My goal at Finals has been to take a lot of those guys by surprise and win. Ending the season on a high note is a huge motivator for me during the summer training months and carries into the next season.

For us to compete in the World Cup Finals at home in the U.S. is a rare opportunity. Aspen will only be the third time since their 1993 inception that the Finals are held in the U.S. (Vail hosted the Finals in 1994 and 1997 ). With the cancelation of the North American tour this season (lack of snow in Lake Louise and Beaver Creek), the U.S. men's team has been racing on the competition's home turf. Aspen is a venue the U.S. men have raced on regularly and will give us the advantage to perform on home snow. That's a big motivator.

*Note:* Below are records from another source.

lemma cyclic_det_eq_0_if_twisted_kernel:
  fixes s :: "'a::field \<Rightarrow> 'a"
  assumes add: "\<And>a b. s (a + b) = s a + s b" and mult: "\<And>a b. s (a * b) = s a * s b"
    and order3: "\<And>t. s (s (s t)) = t"
    and kernel: "s (s u) * s (s x) + u * s x - x = 0" and "x \<noteq> 0"
  shows "cyclic_det u (s u) (s (s u)) = 0"
proof -
  have zero: "s 0 = 0" using add[of 0 0] by (metis add_cancel_right_right add_0)
  have diff: "s (a - b) = s a - s b" for a b
    using add[of "a - b" b] by (simp add: algebra_simps)
  have kernel': "u * x + s u * s (s x) - s x = 0"
    using arg_cong[OF kernel, of s] by (simp add: add mult diff zero order3)
  have kernel'': "s u * s x + s (s u) * x - s (s x) = 0"
    using arg_cong[OF kernel', of s] by (simp add: add mult diff zero order3)
  have "cyclic_det u (s u) (s (s u)) * x = 0"
    unfolding cyclic_det_mult_eq[where y = "s x" and w = "s (s x)"]
    by (simp only: kernel kernel' kernel'' mult_zero_right add_0_right)
  with \<open>x \<noteq> 0\<close> show ?thesis by simp
qed

lemma cyclic_det_add_cyclic_det_shift:
  fixes a b c :: "'a::comm_ring_1"
  assumes "(3::'a) = 0"
  shows "cyclic_det a b c + cyclic_det (-1 - a) (-1 - b) (-1 - c) = - (1 + (a + b + c)\<^sup>2)"
proof -
  have "cyclic_det a b c + cyclic_det (-1 - a) (-1 - b) (-1 - c) + (1 + (a + b + c)\<^sup>2)
      = 3 * (a\<^sup>2 + b\<^sup>2 + c\<^sup>2)"
    by (simp add: cyclic_det_def algebra_simps power2_eq_square)
  with assms show ?thesis by (simp only: eq_neg_iff_add_eq_0 mult_zero_left)
qed

lemma sqrt_minus_one_not_fixed_by_odd_frobenius:
  assumes char: "CHAR('a::field) = 3" and "odd h" and fixed: "s ^ 3 ^ h = s"
  shows "s\<^sup>2 \<noteq> (-1 :: 'a)"
proof
  assume sq: "s\<^sup>2 = -1"
  have "s ^ 4 = (s\<^sup>2)\<^sup>2" by (simp flip: power_mult)
  with sq have "s ^ 4 = 1" by simp
  have "(3::nat) ^ h = 4 * (3 ^ h div 4) + 3"
    using three_pow_odd_mod_4[OF \<open>odd h\<close>] div_mult_mod_eq[of "3 ^ h" "4::nat"] by linarith
  then have "s ^ 3 ^ h = s ^ (4 * (3 ^ h div 4) + 3)" by (rule arg_cong)
  also have "\<dots> = - s"
    using \<open>s ^ 4 = 1\<close> sq by (simp add: power_add power_mult power2_eq_square power3_eq_cube)
  finally have "2 * s = 0" using fixed by simp
  moreover have "(2::'a) \<noteq> 0"
    using of_nat_eq_0_iff_char_dvd[of 2, where 'a='a] char by simp
  ultimately show False using sq by simp
qed

lemma Qform_full_rank_or_cyclic_det_eq_0:
  fixes u :: "'a::{field,finite}"
  assumes char: "CHAR('a) = 3" and card: "card (UNIV :: 'a set) = 3 ^ (3 * h)" and "h > 0"
  shows "qrank (3 * h) (Qform (3 * h) (3 ^ h) u) = 3 * h
       \<or> cyclic_det u (u ^ 3 ^ h) ((u ^ 3 ^ h) ^ 3 ^ h) = 0"
proof (cases "radical (Qform (3 * h) (3 ^ h) u) = {0}")
  case True
  then show ?thesis by (simp add: qrank_eq_if_radical_eq_zero)
next
  case False
  define s :: "'a \<Rightarrow> 'a" where "s t = t ^ 3 ^ h" for t
  have "x \<in> radical (Qform (3 * h) (3 ^ h) u) \<longleftrightarrow> s (s u) * s (s x) + u * s x - x = 0" for x
  proof -
    have "x \<in> radical (Qform (3 * h) (3 ^ h) u)
        \<longleftrightarrow> u ^ 3 ^ (2 * h) * x ^ 3 ^ (2 * h) + u * x ^ 3 ^ h - x = 0"
      using \<open>h > 0\<close> by (intro mem_radical_Qform_iff[OF char card]) simp_all
    moreover have "t ^ 3 ^ (2 * h) = s (s t)" for t
      by (simp only: s_def power_three_pow_power_three_pow mult_2)
    ultimately show ?thesis by (simp only: s_def)
  qed
  moreover have "0 \<in> radical (Qform (3 * h) (3 ^ h) u)"
    using calculation by (simp add: s_def power_0_left)
  ultimately obtain x where "s (s u) * s (s x) + u * s x - x = 0" "x \<noteq> 0"
    using False by blast
  then have "cyclic_det u (s u) (s (s u)) = 0"
    using power_three_pow_cube_eq_self[OF card] power_three_pow_add[OF char]
    by (intro cyclic_det_eq_0_if_twisted_kernel) (simp_all add: s_def power_mult_distrib)
  then show ?thesis by (simp add: s_def)
qed

theorem mainTheorem13:
  fixes u :: "'a::{field,finite}" and h :: nat
  assumes "odd h" and "card (UNIV :: 'a set) = 3 ^ (3 * h)"
  shows "qrank (3 * h) (Qform (3 * h) (3 ^ h) u) = 3 * h
       \<or> qrank (3 * h) (Qform (3 * h) (3 ^ h) (-1 - u)) = 3 * h"
proof -
  have "h > 0" using \<open>odd h\<close> by (cases h) auto
  have char: "CHAR('a) = 3" using CHAR_eq_3_if_card_pow_3[OF assms(2)] .
  then have three: "(3::'a) = 0" using of_nat_CHAR[where 'a='a] by simp
  define s :: "'a \<Rightarrow> 'a" where "s t = t ^ 3 ^ h" for t
  have s_diff: "s (a - b) = s a - s b" for a b
    unfolding s_def by (rule power_three_pow_diff[OF char])
  define S where "S = u + s u + s (s u)"
  have "S ^ 3 ^ h = S"
    using power_three_pow_cube_eq_self[OF assms(2), of u]
    by (simp add: S_def s_def power_three_pow_add[OF char])
  then have "S\<^sup>2 \<noteq> -1" by (rule sqrt_minus_one_not_fixed_by_odd_frobenius[OF char \<open>odd h\<close>])
  have "s (-1) = -1" by (simp add: s_def)
  then have "cyclic_det u (s u) (s (s u)) + cyclic_det (-1 - u) (s (-1 - u)) (s (s (-1 - u)))
      = - (1 + S\<^sup>2)"
    unfolding s_diff S_def by (simp only: cyclic_det_add_cyclic_det_shift[OF three])
  with \<open>S\<^sup>2 \<noteq> -1\<close>
  have "cyclic_det u (s u) (s (s u)) + cyclic_det (-1 - u) (s (-1 - u)) (s (s (-1 - u))) \<noteq> 0"
    by (simp add: add_eq_0_iff)
  then show ?thesis
    using Qform_full_rank_or_cyclic_det_eq_0[OF char assms(2) \<open>h > 0\<close>, of u]
      Qform_full_rank_or_cyclic_det_eq_0[OF char assms(2) \<open>h > 0\<close>, of "-1 - u"]
    unfolding s_def by auto
qed

end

Aspen has history, American Downhiller history. Bill Johnson won here, AJ Kitt won and was then robbed of his victory here, not once but twice, as a result of races being called or nullified by protests from German and French coaches. Since AJ's races, there haven’t been any World Cup downhills held on this track. But there have been several NorAms. Travis Ganong was racing NorAms at the time and knows this downhill track, so expect Travis to have a comfortable feeling in the downhill.

Right out of the start the track has a lot of gliding. You have to put a lot of energy into your start and get up to speed as fast as possible. At around 30 seconds the course picks up (speed and difficulty) as you drop into Aztec Bowl. It is a major gearshift from the top, changing from wide-open glide turns into steep, dark, rough, sharp turns.

You need to ski well on Aztec, but nail the bottom where you carry speed out of Aztec Bowl onto the cat track to the final sections of the piste approaching the next section, Strawpile jump.

Strawpile is at the end of the cat track after the Aztec Bowl. If you carry good speed off the cat track, racers can fly as much as 30-40 meters off Strawpile into the final section of the track.

After Strawpile jump, the hill shifts into a more moderate pitch with more rolls and a few smaller jumps. You again shift gears to a more calculating approach using the terrain to maximize your speed to the bottom. Look for Travis to nail the bottom of the course.

In the Super G, expect the downhillers to overtake the technical skiers. The Super G starts at the top of Aztec and should be a classic. It will be a 'run and gun' type Super G—faster and less turny. It'll be technical up top but will then straighten out where speeds will pick up the last two-thirds of the course.

US Men Speed Event Qualifiers
Travis Ganong (DH, SG)
Sam Morse (DH as Junior World Champion)
Andrew Weibrecht (SG)

Nyman's Picks for the Men's Speed Events
Kjetil Jansrud (NOR) already has the Super G title, wants to double-down with the downhill
Peter Fill (ITA) hot on Jansrud's tails and will leave nothing on the hill
Dominick Paris (ITA) this big guy will carry more gliding speed at the top
Beat Feuz (SUI) strong all-around skier, great glider and good in the technical sections
Eric Guay (CAN) excellent glider and on top of his game right now
Travis Ganong (USA) expect him to make time on the bottom and contend

Super G
Kjetil Jansrud (NOR) already has the title, but don't expect him to back off, he wants the win
Aleksander Kilde (NOR) won the title last season, strong results this year, wants a podium
Hannes Reichelt (AUT) knows how to inspect, could have an advantage on this course
Eric Guay (CAN) was very fast in speed events at World Championships, won two medals American Downhillers Weibrecht and Ganong—expect them to go hard on home snow!